TASK INSTRUCTIONS:
For this exercise, output the line containing "powr p) \<le>" and every line after it through the end of the records, exactly, and no other line.

*** Opening of RECORDS TO PROCESS ***

(* Let $1<p<\infty$ and let $f\in L_1([-\pi,\pi])$ have Fourier series $\sum_{k\in\mathbb Z}a_ke^{ikx}$ (no monotonicity assumption). Then $$J_p^*(f)\lesssim I_p(f),$$ with a constant depending only on $p$.
   Context: $p'=p/(p-1)$; $a_k=\frac1{2\pi}\int_{-\pi}^\pi f(x)e^{-ikx}dx$. Put $|\Delta a_k|=|a_k-a_{k+1}|$ for $k>0$, $|\Delta a_k|=|a_k-a_{k-1}|$ for $k<0$, $|\Delta a_0|=|a_0-a_1|+|a_0-a_{-1}|$; $\Theta_k(f)=\sum_{[2^{k-1}]\le|m|<2^k}|\Delta a_m|$ for $k\ge0$ ($[\cdot]$ the floor function), and $I_p(f)=\big(\sum_{k=0}^\infty(2^{k/p'}\Theta_k(f))^p\big)^{1/p}$. Let $\{a_k^*\}_{k\in\mathbb Z}$ be the symmetric nonincreasing rearrangement of $\{|a_k|\}$, i.e. the values $|a_k|$ rearranged nonincreasingly and placed so that $a_0^*\ge a_{-1}^*\ge a_1^*\ge a_{-2}^*\ge a_2^*\ge\cdots$, and $J_p^*(f)=\big(\sum_{k\in\mathbb Z}(|k|+1)^{p-2}(a_k^* )^p\big)^{1/p}$. *)

theory Defs
  imports "HOL-Analysis.Analysis"
begin

definition fourier_coeff :: "(real \<Rightarrow> complex) \<Rightarrow> int \<Rightarrow> complex" where
  "fourier_coeff f k = (1 / (2 * pi)) *
     set_lebesgue_integral lborel {-pi..pi} (\<lambda>x. f x * exp (- \<i> * of_int k * of_real x))"

definition delta_coeff :: "(int \<Rightarrow> complex) \<Rightarrow> int \<Rightarrow> real" where
  "delta_coeff a k =
     (if k > 0 then cmod (a k - a (k + 1))
      else if k < 0 then cmod (a k - a (k - 1))
      else cmod (a 0 - a 1) + cmod (a 0 - a (-1)))"

text \<open>Theta_k: sum over floor(2^(k-1)) <= |m| < 2^k; note floor(2^(k-1)) = 2^k div 2.\<close>
definition Theta :: "(int \<Rightarrow> complex) \<Rightarrow> nat \<Rightarrow> real" where
  "Theta a k = (\<Sum>m\<in>{m::int. (2::int)^k div 2 \<le> \<bar>m\<bar> \<and> \<bar>m\<bar> < 2^k}. delta_coeff a m)"

definition conj_exp :: "real \<Rightarrow> real" where
  "conj_exp p = p / (p - 1)"

definition lp_root :: "real \<Rightarrow> (nat \<Rightarrow> real) \<Rightarrow> ennreal" where
  "lp_root p g = (if summable g then ennreal ((\<Sum>n. g n) powr (1 / p)) else top)"

definition I_p :: "real \<Rightarrow> (real \<Rightarrow> complex) \<Rightarrow> ennreal" where
  "I_p p f = lp_root p (\<lambda>k. (2 powr (real k / conj_exp p) * Theta (fourier_coeff f) k) powr p)"

text \<open>n-th largest value (n = 0,1,2,...) of the family |a_k|, via the distribution function.\<close>
definition decr_rearr :: "(int \<Rightarrow> real) \<Rightarrow> nat \<Rightarrow> real" where
  "decr_rearr b n = Inf {t. t \<ge> 0 \<and> finite {k. b k > t} \<and> card {k. b k > t} \<le> n}"

definition sym_index :: "nat \<Rightarrow> int" where
  "sym_index n = (if even n then int (n div 2) else - int ((n + 1) div 2))"

definition sym_rearr :: "(int \<Rightarrow> complex) \<Rightarrow> int \<Rightarrow> real" where
  "sym_rearr a k = decr_rearr (\<lambda>j. cmod (a j)) (THE n. sym_index n = k)"

definition J_p_star :: "real \<Rightarrow> (real \<Rightarrow> complex) \<Rightarrow> ennreal" where
  "J_p_star p f = lp_root p (\<lambda>n. let k = sym_index n in
      (real_of_int (\<bar>k\<bar> + 1)) powr (p - 2) * (sym_rearr (fourier_coeff f) k) powr p)"

end

theory Submission
  imports Defs
begin

text \<open>
  For integrable f the Cesaro means of a_N, a_(N+1), ... tend to 0 (dominated convergence
  against the normalised geometric kernel), so |a_N| is at most the total variation of the tail
  a_N, a_(N+1), ...  Hence |a_k| <= B |k| with B m = sum_(|j| >= m) |Delta a_j| nonincreasing,
  which forces a*_k <= B |k| as well. Grouping the series for J_p^*(f)^p into dyadic blocks
  bounds it by a multiple of sum_j 2^(j(p-1)) T_j^p, where T_j = sum_(i >= j) Theta_i, and a
  discrete Hardy inequality (Jensen's inequality with geometric weights on each tail) bounds
  that by a multiple of I_p(f)^p.
\<close>

section \<open>A discrete Hardy inequality\<close>

lemma powr_weighted_sum_le:
  fixes w x :: "'a \<Rightarrow> real"
  assumes S: "finite S" and w: "\<And>i. i \<in> S \<Longrightarrow> 0 \<le> w i" and x: "\<And>i. i \<in> S \<Longrightarrow> 0 \<le> x i"
    and W1: "sum w S \<le> 1" and p: "1 \<le> p"
  shows "(\<Sum>i\<in>S. w i * x i) powr p \<le> (\<Sum>i\<in>S. w i * x i powr p)"
proof -
  define S' where "S' = {i\<in>S. w i > 0 \<and> x i > 0}"
  have fS': "finite S'" and S'S: "S' \<subseteq> S" using S by (auto simp: S'_def)
  have sum_S': "(\<Sum>i\<in>S. w i * x i) = (\<Sum>i\<in>S'. w i * x i)"
    by (rule sum.mono_neutral_right[OF S S'S]) (use w x in \<open>force simp: S'_def\<close>)
  have sum_S'_powr: "(\<Sum>i\<in>S'. w i * x i powr p) \<le> (\<Sum>i\<in>S. w i * x i powr p)"
    by (rule sum_mono2[OF S S'S]) (use w in auto)
  show ?thesis
  proof (cases "S' = {}")
    case True
    then show ?thesis unfolding sum_S' using w by (auto intro!: sum_nonneg)
  next
    case False
    define W where "W = sum w S'"
    have W0: "W > 0" unfolding W_def using False fS' by (intro sum_pos) (auto simp: S'_def)
    have W1': "W \<le> 1" unfolding W_def using sum_mono2[OF S S'S, of w] w W1 by auto
    have jensen: "(\<Sum>i\<in>S'. (w i / W) *\<^sub>R x i) powr p \<le> (\<Sum>i\<in>S'. (w i / W) * x i powr p)"
    proof (rule convex_on_sum[OF fS' False powr_convex[OF p]])
      show "(\<Sum>i\<in>S'. w i / W) = 1" using W0 by (simp add: W_def sum_divide_distrib[symmetric])
    qed (use W0 in \<open>auto simp: S'_def\<close>)
    have "(\<Sum>i\<in>S. w i * x i) powr p = W powr p * (\<Sum>i\<in>S'. (w i / W) *\<^sub>R x i) powr p"
      unfolding sum_S' using W0 by (simp add: sum_distrib_left flip: powr_mult)
    also have "\<dots> \<le> W powr p * (\<Sum>i\<in>S'. (w i / W) * x i powr p)"
      by (rule mult_left_mono[OF jensen]) simp
    also have "\<dots> = W powr (p - 1) * (\<Sum>i\<in>S'. w i * x i powr p)"
      using W0 by (simp add: powr_diff sum_distrib_left sum_divide_distrib[symmetric])
    also have "\<dots> \<le> (\<Sum>i\<in>S'. w i * x i powr p)"
    proof (rule mult_left_le_one_le)
      show "W powr (p - 1) \<le> 1" using powr_mono2[of "p - 1" W 1] W0 W1' p by simp
    qed (use w S'S in \<open>auto intro!: sum_nonneg\<close>)
    finally show ?thesis using sum_S'_powr by simp
  qed
qed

*** Close of RECORDS TO PROCESS ***

ANSWER:
  have sum_S'_powr: "(\<Sum>i\<in>S'. w i * x i powr p) \<le> (\<Sum>i\<in>S. w i * x i powr p)"
    by (rule sum_mono2[OF S S'S]) (use w in auto)
  show ?thesis
  proof (cases "S' = {}")
    case True
    then show ?thesis unfolding sum_S' using w by (auto intro!: sum_nonneg)
  next
    case False
    define W where "W = sum w S'"
    have W0: "W > 0" unfolding W_def using False fS' by (intro sum_pos) (auto simp: S'_def)
    have W1': "W \<le> 1" unfolding W_def using sum_mono2[OF S S'S, of w] w W1 by auto
    have jensen: "(\<Sum>i\<in>S'. (w i / W) *\<^sub>R x i) powr p \<le> (\<Sum>i\<in>S'. (w i / W) * x i powr p)"
    proof (rule convex_on_sum[OF fS' False powr_convex[OF p]])
      show "(\<Sum>i\<in>S'. w i / W) = 1" using W0 by (simp add: W_def sum_divide_distrib[symmetric])
    qed (use W0 in \<open>auto simp: S'_def\<close>)
    have "(\<Sum>i\<in>S. w i * x i) powr p = W powr p * (\<Sum>i\<in>S'. (w i / W) *\<^sub>R x i) powr p"
      unfolding sum_S' using W0 by (simp add: sum_distrib_left flip: powr_mult)
    also have "\<dots> \<le> W powr p * (\<Sum>i\<in>S'. (w i / W) * x i powr p)"
      by (rule mult_left_mono[OF jensen]) simp
    also have "\<dots> = W powr (p - 1) * (\<Sum>i\<in>S'. w i * x i powr p)"
      using W0 by (simp add: powr_diff sum_distrib_left sum_divide_distrib[symmetric])
    also have "\<dots> \<le> (\<Sum>i\<in>S'. w i * x i powr p)"
    proof (rule mult_left_le_one_le)
      show "W powr (p - 1) \<le> 1" using powr_mono2[of "p - 1" W 1] W0 W1' p by simp
    qed (use w S'S in \<open>auto intro!: sum_nonneg\<close>)
    finally show ?thesis using sum_S'_powr by simp
  qed
qed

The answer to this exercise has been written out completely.